= Materials provided =
*** Block opens ***

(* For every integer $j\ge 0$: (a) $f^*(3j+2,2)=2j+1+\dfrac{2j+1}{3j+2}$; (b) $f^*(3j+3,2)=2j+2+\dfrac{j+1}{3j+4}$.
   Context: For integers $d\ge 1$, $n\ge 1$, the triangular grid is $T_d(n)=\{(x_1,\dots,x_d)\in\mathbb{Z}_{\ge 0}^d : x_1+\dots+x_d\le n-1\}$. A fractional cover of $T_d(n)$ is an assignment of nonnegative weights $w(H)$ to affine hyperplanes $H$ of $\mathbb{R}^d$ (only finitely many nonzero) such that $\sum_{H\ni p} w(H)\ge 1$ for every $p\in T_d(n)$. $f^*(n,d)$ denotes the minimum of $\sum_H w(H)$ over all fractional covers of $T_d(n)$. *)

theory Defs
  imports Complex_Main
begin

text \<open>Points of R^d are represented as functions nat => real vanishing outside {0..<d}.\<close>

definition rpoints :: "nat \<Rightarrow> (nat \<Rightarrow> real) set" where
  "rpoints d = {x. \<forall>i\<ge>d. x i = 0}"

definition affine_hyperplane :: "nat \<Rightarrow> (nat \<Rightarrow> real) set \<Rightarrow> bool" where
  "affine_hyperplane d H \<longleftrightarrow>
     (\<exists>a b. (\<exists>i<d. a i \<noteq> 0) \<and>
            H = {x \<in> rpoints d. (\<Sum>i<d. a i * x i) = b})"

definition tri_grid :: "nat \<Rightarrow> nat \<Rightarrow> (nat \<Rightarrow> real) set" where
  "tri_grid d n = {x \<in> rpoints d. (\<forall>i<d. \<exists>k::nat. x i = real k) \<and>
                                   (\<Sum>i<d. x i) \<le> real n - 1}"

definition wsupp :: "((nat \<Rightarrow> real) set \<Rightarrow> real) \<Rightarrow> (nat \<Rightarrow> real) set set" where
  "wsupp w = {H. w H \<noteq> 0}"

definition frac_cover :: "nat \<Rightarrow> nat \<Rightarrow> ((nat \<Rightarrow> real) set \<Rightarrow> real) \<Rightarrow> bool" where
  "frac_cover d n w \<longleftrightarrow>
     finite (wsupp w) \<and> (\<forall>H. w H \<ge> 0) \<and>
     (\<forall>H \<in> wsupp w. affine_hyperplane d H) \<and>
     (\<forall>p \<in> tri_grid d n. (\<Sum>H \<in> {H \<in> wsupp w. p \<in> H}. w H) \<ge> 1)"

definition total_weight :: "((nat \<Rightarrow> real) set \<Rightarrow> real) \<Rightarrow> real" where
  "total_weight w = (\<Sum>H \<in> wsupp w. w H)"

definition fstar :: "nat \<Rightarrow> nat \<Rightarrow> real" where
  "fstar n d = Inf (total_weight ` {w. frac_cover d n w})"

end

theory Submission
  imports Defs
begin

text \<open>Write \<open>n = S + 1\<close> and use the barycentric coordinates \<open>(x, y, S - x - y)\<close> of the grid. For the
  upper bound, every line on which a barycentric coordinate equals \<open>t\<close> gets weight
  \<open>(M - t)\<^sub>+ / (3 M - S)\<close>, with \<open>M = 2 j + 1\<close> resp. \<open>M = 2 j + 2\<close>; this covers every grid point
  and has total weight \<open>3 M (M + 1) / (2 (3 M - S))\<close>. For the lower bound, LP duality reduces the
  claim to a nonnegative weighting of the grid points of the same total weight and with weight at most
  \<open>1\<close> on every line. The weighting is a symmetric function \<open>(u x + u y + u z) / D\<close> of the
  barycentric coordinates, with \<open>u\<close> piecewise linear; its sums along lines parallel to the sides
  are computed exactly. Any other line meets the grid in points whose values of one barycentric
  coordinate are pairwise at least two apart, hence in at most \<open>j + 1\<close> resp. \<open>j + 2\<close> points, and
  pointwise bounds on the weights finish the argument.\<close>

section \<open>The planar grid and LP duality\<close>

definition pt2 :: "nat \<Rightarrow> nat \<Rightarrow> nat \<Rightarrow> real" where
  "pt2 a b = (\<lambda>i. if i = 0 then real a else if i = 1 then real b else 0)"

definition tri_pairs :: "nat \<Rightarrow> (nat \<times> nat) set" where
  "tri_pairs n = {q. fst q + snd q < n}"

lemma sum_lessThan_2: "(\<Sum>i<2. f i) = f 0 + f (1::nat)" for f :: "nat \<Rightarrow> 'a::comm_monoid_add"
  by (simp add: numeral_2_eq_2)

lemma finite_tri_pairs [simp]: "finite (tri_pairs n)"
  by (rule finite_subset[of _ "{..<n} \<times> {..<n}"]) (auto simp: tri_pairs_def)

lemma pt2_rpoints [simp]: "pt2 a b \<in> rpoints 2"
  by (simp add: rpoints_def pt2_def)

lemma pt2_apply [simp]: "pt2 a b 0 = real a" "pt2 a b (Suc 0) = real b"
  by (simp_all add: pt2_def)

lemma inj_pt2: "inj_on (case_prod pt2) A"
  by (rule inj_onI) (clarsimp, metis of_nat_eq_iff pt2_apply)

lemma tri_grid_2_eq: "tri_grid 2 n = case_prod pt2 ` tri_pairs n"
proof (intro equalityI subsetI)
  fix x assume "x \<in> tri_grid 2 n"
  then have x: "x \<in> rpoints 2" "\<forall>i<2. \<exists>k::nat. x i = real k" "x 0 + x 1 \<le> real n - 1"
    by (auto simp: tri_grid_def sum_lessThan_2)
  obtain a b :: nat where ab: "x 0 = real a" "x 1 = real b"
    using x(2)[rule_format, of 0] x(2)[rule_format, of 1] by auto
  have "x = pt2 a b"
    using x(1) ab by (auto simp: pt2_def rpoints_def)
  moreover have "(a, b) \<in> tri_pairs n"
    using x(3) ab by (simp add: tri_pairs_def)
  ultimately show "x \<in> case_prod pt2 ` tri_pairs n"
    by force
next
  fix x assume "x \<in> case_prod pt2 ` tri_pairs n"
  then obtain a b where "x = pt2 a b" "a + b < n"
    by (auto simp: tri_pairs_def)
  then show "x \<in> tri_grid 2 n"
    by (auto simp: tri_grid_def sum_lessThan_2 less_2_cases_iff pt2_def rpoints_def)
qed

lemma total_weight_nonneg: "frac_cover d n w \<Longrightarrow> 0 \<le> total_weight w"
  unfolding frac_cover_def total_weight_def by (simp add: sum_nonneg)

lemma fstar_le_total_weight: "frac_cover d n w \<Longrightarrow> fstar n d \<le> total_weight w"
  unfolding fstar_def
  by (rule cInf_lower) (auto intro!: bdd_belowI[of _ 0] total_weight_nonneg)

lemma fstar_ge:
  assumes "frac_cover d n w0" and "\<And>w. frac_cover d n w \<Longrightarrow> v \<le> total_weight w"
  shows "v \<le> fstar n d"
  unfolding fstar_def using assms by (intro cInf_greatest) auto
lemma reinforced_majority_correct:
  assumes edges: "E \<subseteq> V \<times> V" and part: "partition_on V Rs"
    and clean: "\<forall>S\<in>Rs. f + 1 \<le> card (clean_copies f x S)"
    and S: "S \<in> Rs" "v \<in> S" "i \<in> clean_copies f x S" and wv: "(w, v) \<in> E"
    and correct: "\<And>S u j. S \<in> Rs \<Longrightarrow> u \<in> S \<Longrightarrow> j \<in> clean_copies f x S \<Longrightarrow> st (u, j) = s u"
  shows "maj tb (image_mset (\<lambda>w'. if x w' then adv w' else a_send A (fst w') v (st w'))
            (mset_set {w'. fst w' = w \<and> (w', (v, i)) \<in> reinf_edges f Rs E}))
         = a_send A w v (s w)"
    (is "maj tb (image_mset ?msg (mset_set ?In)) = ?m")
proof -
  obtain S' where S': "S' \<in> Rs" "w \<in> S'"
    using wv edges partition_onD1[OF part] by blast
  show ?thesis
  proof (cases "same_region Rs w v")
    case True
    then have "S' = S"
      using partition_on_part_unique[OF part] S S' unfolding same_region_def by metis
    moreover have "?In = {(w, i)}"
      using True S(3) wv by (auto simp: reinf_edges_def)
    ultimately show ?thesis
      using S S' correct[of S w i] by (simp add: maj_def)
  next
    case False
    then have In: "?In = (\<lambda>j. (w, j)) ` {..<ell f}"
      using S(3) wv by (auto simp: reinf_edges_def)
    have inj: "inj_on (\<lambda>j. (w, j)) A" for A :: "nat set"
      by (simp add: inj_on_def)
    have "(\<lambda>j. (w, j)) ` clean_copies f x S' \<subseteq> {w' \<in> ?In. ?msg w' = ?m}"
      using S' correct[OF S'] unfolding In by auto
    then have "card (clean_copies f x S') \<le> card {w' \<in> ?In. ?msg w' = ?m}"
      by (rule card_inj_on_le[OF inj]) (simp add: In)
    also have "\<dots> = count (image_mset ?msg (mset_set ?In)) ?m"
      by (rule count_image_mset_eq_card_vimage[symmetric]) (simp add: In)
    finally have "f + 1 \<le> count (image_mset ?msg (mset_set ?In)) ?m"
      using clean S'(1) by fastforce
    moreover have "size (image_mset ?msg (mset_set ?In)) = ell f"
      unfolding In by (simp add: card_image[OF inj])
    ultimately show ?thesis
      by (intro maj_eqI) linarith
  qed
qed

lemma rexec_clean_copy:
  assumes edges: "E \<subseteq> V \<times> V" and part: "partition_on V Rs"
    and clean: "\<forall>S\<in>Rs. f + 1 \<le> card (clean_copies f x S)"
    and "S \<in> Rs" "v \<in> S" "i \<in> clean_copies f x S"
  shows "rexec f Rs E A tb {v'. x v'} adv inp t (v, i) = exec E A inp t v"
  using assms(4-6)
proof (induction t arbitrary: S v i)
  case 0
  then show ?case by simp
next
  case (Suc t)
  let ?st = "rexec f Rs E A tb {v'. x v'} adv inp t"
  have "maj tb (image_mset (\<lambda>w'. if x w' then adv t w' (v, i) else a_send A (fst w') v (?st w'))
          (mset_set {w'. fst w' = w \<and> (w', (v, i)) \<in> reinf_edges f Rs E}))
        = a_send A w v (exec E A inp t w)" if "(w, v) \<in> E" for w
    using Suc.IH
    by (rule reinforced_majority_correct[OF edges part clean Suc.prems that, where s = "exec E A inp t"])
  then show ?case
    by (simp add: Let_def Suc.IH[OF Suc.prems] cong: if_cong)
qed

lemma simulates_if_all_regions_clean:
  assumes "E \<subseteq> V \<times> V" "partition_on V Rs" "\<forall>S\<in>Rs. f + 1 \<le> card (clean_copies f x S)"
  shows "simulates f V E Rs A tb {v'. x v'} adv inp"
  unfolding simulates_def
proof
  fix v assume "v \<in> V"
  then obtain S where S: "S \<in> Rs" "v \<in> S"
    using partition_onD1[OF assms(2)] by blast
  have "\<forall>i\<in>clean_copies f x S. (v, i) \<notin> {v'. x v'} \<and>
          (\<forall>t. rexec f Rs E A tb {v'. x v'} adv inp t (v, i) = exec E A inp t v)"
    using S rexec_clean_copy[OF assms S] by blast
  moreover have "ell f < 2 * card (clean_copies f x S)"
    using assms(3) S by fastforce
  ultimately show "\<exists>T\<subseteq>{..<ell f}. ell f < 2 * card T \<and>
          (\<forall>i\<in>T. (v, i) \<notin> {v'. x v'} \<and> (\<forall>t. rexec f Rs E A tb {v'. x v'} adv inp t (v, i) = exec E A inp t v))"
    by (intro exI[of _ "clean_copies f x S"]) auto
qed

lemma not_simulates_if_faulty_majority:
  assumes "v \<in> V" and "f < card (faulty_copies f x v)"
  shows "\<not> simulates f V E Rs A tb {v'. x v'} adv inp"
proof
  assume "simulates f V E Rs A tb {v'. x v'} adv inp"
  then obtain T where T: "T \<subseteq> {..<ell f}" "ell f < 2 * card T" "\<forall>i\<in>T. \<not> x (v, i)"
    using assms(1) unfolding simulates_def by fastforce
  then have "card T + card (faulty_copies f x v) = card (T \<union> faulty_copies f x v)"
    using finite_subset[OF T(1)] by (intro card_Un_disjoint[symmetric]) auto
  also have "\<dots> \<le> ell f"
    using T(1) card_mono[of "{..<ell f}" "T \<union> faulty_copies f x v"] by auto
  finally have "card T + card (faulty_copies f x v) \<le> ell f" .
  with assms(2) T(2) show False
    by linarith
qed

*** Block closes ***

= Work task =
Show a copy of each line from the data that includes the word "most".

= Response =
  claim to a nonnegative weighting of the grid points of the same total weight and with weight at most
  coordinate are pairwise at least two apart, hence in at most \<open>j + 1\<close> resp. \<open>j + 2\<close> points, and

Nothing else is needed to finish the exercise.